EXERCISE INPUTS —

——————

(* Let $f_1,\ldots,f_k:[a,b]\to\mathbb R$ be bounded and continuous almost everywhere, with $\mathcal{ER}(f_j)=[\inf_{[a,b]}f_j,\sup_{[a,b]}f_j]$ for every $j=1,\ldots,k$. Let $\{\Lambda_n=\{\lambda_{1,n},\ldots,\lambda_{d_n,n}\}\}_n$ be a sequence of finite multisets of real numbers with $d_n\to\infty$. Assume: (i) $\{\Lambda_n\}_n$ has an asymptotic distribution described by $f=\mathrm{diag}(f_1,\ldots,f_k)$; (ii) for every $n$ there is a partition $\{\tilde\Lambda_{n,1},\ldots,\tilde\Lambda_{n,k}\}$ of $\Lambda_n$ such that, for every $j$, $|\tilde\Lambda_{n,j}|/d_n\to1/k$ and $\tilde\Lambda_{n,j}\subseteq[\inf_{[a,b]}f_j-\epsilon_n,\sup_{[a,b]}f_j+\epsilon_n]$ for some $\epsilon_n\to0$. Then for every $n$ there is a partition $\{\Lambda_{n,1},\ldots,\Lambda_{n,k}\}$ of $\Lambda_n$ such that for every $j=1,\ldots,k$: (a) $|\Lambda_{n,j}|=|\tilde\Lambda_{n,j}|$; (b) $\Lambda_{n,j}\subseteq[\inf_{[a,b]}f_j-\delta_n,\sup_{[a,b]}f_j+\delta_n]$ for some $\delta_n\to0$; (c) $\{\Lambda_{n,j}\}_n$ has an asymptotic distribution described by $f_j$; (d) writing $\Lambda_{n,j}=\{\lambda^{(j)}_{1,n},\ldots,\lambda^{(j)}_{|\Lambda_{n,j}|,n}\}$, for every asymptotically uniform grid $\{x^{(j)}_{i,n}\}_{i=1,\ldots,|\Lambda_{n,j}|}$ in $[a,b]$ contained in $[a,b]$, if $\sigma_{n,j},\tau_{n,j}$ are permutations of $\{1,\ldots,|\Lambda_{n,j}|\}$ sorting $[f_j(x^{(j)}_{\sigma_{n,j}(i),n})]_i$ and $[\lambda^{(j)}_{\tau_{n,j}(i),n}]_i$ in increasing order, then $\max_{i}|f_j(x^{(j)}_{\sigma_{n,j}(i),n})-\lambda^{(j)}_{\tau_{n,j}(i),n}|\to0$ as $n\to\infty$; in particular $\min_\tau\max_i|f_j(x^{(j)}_{i,n})-\lambda^{(j)}_{\tau(i),n}|\to0$, the minimum over all permutations $\tau$ of $\{1,\ldots,|\Lambda_{n,j}|\}$.
   Context: For measurable $g:[a,b]\to\mathbb R$, $\mathcal{ER}(g)=\{z\in\mathbb R:\mu_1\{x:|g(x)-z|<\epsilon\}>0\ \forall\epsilon>0\}$. A sequence of finite multisets $\{\Lambda_n=\{\lambda_{1,n},\ldots,\lambda_{d_n,n}\}\}_n$ with $d_n\to\infty$ has an asymptotic distribution described by $\mathrm{diag}(f_1,\ldots,f_k)$ if $\lim_n\frac1{d_n}\sum_{i=1}^{d_n}F(\lambda_{i,n})=\frac1{b-a}\int_a^b\frac{1}{k}\sum_{j=1}^kF(f_j(x))\,dx$ for every continuous $F:\mathbb C\to\mathbb C$ with bounded support; it has an asymptotic distribution described by a scalar $g$ if this holds with $k=1$, $f_1=g$. A sequence of points $\{x_{i,n}\}_{i=1,\ldots,m_n}$ with $m_n\to\infty$ is an asymptotically uniform grid in $[a,b]$ if $\max_{i}|x_{i,n}-(a+i(b-a)/m_n)|\to0$. *)

theory Defs
  imports "HOL-Analysis.Analysis" "HOL-Library.Multiset" "HOL-Combinatorics.Permutations"
begin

——————

TO DO —
Each line in the listing is to be returned exactly.

EXERCISE OUTPUT —
(* Let $f_1,\ldots,f_k:[a,b]\to\mathbb R$ be bounded and continuous almost everywhere, with $\mathcal{ER}(f_j)=[\inf_{[a,b]}f_j,\sup_{[a,b]}f_j]$ for every $j=1,\ldots,k$. Let $\{\Lambda_n=\{\lambda_{1,n},\ldots,\lambda_{d_n,n}\}\}_n$ be a sequence of finite multisets of real numbers with $d_n\to\infty$. Assume: (i) $\{\Lambda_n\}_n$ has an asymptotic distribution described by $f=\mathrm{diag}(f_1,\ldots,f_k)$; (ii) for every $n$ there is a partition $\{\tilde\Lambda_{n,1},\ldots,\tilde\Lambda_{n,k}\}$ of $\Lambda_n$ such that, for every $j$, $|\tilde\Lambda_{n,j}|/d_n\to1/k$ and $\tilde\Lambda_{n,j}\subseteq[\inf_{[a,b]}f_j-\epsilon_n,\sup_{[a,b]}f_j+\epsilon_n]$ for some $\epsilon_n\to0$. Then for every $n$ there is a partition $\{\Lambda_{n,1},\ldots,\Lambda_{n,k}\}$ of $\Lambda_n$ such that for every $j=1,\ldots,k$: (a) $|\Lambda_{n,j}|=|\tilde\Lambda_{n,j}|$; (b) $\Lambda_{n,j}\subseteq[\inf_{[a,b]}f_j-\delta_n,\sup_{[a,b]}f_j+\delta_n]$ for some $\delta_n\to0$; (c) $\{\Lambda_{n,j}\}_n$ has an asymptotic distribution described by $f_j$; (d) writing $\Lambda_{n,j}=\{\lambda^{(j)}_{1,n},\ldots,\lambda^{(j)}_{|\Lambda_{n,j}|,n}\}$, for every asymptotically uniform grid $\{x^{(j)}_{i,n}\}_{i=1,\ldots,|\Lambda_{n,j}|}$ in $[a,b]$ contained in $[a,b]$, if $\sigma_{n,j},\tau_{n,j}$ are permutations of $\{1,\ldots,|\Lambda_{n,j}|\}$ sorting $[f_j(x^{(j)}_{\sigma_{n,j}(i),n})]_i$ and $[\lambda^{(j)}_{\tau_{n,j}(i),n}]_i$ in increasing order, then $\max_{i}|f_j(x^{(j)}_{\sigma_{n,j}(i),n})-\lambda^{(j)}_{\tau_{n,j}(i),n}|\to0$ as $n\to\infty$; in particular $\min_\tau\max_i|f_j(x^{(j)}_{i,n})-\lambda^{(j)}_{\tau(i),n}|\to0$, the minimum over all permutations $\tau$ of $\{1,\ldots,|\Lambda_{n,j}|\}$.
   Context: For measurable $g:[a,b]\to\mathbb R$, $\mathcal{ER}(g)=\{z\in\mathbb R:\mu_1\{x:|g(x)-z|<\epsilon\}>0\ \forall\epsilon>0\}$. A sequence of finite multisets $\{\Lambda_n=\{\lambda_{1,n},\ldots,\lambda_{d_n,n}\}\}_n$ with $d_n\to\infty$ has an asymptotic distribution described by $\mathrm{diag}(f_1,\ldots,f_k)$ if $\lim_n\frac1{d_n}\sum_{i=1}^{d_n}F(\lambda_{i,n})=\frac1{b-a}\int_a^b\frac{1}{k}\sum_{j=1}^kF(f_j(x))\,dx$ for every continuous $F:\mathbb C\to\mathbb C$ with bounded support; it has an asymptotic distribution described by a scalar $g$ if this holds with $k=1$, $f_1=g$. A sequence of points $\{x_{i,n}\}_{i=1,\ldots,m_n}$ with $m_n\to\infty$ is an asymptotically uniform grid in $[a,b]$ if $\max_{i}|x_{i,n}-(a+i(b-a)/m_n)|\to0$. *)

theory Defs
  imports "HOL-Analysis.Analysis" "HOL-Library.Multiset" "HOL-Combinatorics.Permutations"
begin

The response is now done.